- EXERCISE INPUT
....................
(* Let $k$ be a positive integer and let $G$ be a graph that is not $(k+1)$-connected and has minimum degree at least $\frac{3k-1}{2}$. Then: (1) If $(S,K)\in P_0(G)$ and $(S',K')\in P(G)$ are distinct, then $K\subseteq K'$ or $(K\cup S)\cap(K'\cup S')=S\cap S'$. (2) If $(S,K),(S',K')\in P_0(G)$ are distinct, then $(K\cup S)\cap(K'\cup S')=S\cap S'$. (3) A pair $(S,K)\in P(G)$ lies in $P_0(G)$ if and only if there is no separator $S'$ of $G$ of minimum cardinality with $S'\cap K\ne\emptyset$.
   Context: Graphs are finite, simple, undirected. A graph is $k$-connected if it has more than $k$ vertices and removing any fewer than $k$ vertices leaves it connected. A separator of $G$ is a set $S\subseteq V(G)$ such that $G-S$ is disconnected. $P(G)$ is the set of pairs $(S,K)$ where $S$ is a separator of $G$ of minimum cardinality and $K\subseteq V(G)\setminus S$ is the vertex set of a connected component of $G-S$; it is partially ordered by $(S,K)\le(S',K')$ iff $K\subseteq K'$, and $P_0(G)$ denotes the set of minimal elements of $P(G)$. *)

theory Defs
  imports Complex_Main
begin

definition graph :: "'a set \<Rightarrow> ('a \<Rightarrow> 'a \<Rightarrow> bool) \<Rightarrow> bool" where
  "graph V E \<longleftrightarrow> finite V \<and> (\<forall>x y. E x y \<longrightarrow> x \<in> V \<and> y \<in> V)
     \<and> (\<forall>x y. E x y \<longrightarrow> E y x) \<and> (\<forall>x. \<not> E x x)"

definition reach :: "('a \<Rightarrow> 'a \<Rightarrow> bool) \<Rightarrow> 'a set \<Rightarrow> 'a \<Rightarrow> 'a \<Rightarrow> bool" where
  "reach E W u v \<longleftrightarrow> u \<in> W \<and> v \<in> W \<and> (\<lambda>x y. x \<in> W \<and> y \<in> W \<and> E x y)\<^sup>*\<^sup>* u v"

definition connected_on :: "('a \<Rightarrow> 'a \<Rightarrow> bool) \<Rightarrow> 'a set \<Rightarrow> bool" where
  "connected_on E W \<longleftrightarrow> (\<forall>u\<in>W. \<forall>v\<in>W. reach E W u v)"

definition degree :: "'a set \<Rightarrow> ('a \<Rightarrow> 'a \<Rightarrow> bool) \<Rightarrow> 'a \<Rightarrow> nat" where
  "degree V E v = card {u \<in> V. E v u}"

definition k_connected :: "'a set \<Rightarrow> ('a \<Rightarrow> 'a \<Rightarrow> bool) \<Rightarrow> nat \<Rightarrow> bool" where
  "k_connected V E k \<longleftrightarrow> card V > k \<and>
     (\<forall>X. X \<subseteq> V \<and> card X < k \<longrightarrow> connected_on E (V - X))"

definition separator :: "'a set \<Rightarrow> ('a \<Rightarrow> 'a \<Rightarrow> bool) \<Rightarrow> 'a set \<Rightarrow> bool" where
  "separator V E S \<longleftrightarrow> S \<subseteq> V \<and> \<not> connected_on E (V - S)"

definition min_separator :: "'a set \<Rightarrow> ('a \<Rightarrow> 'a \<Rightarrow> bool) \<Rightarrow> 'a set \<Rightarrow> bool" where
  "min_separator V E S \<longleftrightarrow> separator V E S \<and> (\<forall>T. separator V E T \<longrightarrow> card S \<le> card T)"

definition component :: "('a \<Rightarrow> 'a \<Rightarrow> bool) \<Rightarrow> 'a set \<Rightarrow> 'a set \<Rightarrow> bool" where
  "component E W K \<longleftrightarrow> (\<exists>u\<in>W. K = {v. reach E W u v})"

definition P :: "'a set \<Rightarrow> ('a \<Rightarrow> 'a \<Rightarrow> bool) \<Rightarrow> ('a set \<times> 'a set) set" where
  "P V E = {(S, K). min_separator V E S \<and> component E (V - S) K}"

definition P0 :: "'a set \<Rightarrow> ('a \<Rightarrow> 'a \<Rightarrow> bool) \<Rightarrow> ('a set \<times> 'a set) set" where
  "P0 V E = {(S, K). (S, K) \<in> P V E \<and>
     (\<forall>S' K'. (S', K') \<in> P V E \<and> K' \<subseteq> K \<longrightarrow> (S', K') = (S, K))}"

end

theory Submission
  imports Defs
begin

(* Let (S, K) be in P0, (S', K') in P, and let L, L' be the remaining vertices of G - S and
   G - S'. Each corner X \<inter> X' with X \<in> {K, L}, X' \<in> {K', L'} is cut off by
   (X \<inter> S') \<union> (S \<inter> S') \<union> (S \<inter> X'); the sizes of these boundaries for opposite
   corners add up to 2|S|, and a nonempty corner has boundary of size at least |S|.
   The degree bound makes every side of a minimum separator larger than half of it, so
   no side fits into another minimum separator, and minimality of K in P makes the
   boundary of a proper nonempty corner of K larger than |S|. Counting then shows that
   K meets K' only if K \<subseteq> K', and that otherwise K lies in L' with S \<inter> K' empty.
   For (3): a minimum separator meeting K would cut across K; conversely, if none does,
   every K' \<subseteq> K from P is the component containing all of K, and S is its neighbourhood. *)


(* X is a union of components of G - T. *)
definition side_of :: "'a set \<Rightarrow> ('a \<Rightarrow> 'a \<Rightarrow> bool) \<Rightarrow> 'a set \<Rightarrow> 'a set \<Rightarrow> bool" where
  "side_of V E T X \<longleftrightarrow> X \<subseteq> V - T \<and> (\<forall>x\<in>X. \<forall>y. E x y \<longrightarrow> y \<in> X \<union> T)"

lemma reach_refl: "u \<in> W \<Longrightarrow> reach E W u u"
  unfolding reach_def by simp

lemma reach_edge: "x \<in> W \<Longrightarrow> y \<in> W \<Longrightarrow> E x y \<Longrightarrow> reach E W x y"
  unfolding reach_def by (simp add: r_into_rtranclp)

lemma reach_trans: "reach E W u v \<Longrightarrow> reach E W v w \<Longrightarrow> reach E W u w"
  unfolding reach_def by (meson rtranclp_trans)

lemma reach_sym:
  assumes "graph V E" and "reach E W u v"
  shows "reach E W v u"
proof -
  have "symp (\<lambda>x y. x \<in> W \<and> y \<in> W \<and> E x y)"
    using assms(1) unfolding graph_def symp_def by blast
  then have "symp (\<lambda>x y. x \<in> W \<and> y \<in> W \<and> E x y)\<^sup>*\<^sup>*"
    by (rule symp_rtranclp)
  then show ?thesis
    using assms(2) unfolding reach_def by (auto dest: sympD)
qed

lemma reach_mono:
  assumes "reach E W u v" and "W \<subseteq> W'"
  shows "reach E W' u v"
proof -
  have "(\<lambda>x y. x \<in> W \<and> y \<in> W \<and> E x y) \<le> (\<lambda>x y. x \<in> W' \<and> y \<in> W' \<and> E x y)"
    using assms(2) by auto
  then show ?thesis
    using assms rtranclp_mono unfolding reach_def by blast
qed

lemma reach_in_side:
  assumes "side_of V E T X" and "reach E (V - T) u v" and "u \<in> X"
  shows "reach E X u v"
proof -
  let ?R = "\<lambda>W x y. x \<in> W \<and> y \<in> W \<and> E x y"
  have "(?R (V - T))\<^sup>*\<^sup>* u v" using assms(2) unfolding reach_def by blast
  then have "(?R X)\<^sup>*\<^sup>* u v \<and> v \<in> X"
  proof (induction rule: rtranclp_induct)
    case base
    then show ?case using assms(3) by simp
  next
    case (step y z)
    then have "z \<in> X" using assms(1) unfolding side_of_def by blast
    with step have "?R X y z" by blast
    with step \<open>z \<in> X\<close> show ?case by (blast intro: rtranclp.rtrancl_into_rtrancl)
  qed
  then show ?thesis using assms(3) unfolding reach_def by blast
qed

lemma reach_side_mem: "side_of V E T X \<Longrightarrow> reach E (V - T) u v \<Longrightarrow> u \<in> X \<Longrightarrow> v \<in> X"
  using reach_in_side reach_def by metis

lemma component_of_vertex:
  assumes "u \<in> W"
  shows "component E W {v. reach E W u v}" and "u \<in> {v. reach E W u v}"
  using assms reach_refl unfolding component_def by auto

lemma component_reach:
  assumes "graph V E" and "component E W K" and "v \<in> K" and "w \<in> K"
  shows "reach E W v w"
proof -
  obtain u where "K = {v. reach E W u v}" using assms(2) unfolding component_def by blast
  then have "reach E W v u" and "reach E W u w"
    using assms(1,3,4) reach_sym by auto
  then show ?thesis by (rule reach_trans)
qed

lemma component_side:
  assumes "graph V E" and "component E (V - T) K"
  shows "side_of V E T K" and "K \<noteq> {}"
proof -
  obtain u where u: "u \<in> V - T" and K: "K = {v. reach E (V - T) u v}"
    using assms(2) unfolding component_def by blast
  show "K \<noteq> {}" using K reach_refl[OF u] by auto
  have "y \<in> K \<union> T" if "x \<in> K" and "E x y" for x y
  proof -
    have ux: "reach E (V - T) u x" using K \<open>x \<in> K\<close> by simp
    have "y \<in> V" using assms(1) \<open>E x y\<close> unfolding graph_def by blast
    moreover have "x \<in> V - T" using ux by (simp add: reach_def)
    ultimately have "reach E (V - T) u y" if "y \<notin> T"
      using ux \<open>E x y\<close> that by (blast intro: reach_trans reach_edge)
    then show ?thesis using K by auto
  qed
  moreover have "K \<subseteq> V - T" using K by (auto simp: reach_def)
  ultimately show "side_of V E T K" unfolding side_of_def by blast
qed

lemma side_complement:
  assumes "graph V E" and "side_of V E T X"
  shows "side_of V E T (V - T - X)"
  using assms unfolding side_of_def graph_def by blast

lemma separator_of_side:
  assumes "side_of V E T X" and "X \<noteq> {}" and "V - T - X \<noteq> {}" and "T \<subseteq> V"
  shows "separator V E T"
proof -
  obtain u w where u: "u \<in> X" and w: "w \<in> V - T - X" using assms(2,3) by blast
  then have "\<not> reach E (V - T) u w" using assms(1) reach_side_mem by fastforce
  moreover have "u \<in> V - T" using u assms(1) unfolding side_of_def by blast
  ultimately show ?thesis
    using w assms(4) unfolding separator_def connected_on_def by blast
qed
....................
- ABOUT THIS TASK
Which lines of the records contain "only"? Show each of them.

- EXPECTED ANSWER
(* Let $k$ be a positive integer and let $G$ be a graph that is not $(k+1)$-connected and has minimum degree at least $\frac{3k-1}{2}$. Then: (1) If $(S,K)\in P_0(G)$ and $(S',K')\in P(G)$ are distinct, then $K\subseteq K'$ or $(K\cup S)\cap(K'\cup S')=S\cap S'$. (2) If $(S,K),(S',K')\in P_0(G)$ are distinct, then $(K\cup S)\cap(K'\cup S')=S\cap S'$. (3) A pair $(S,K)\in P(G)$ lies in $P_0(G)$ if and only if there is no separator $S'$ of $G$ of minimum cardinality with $S'\cap K\ne\emptyset$.
   K meets K' only if K \<subseteq> K', and that otherwise K lies in L' with S \<inter> K' empty.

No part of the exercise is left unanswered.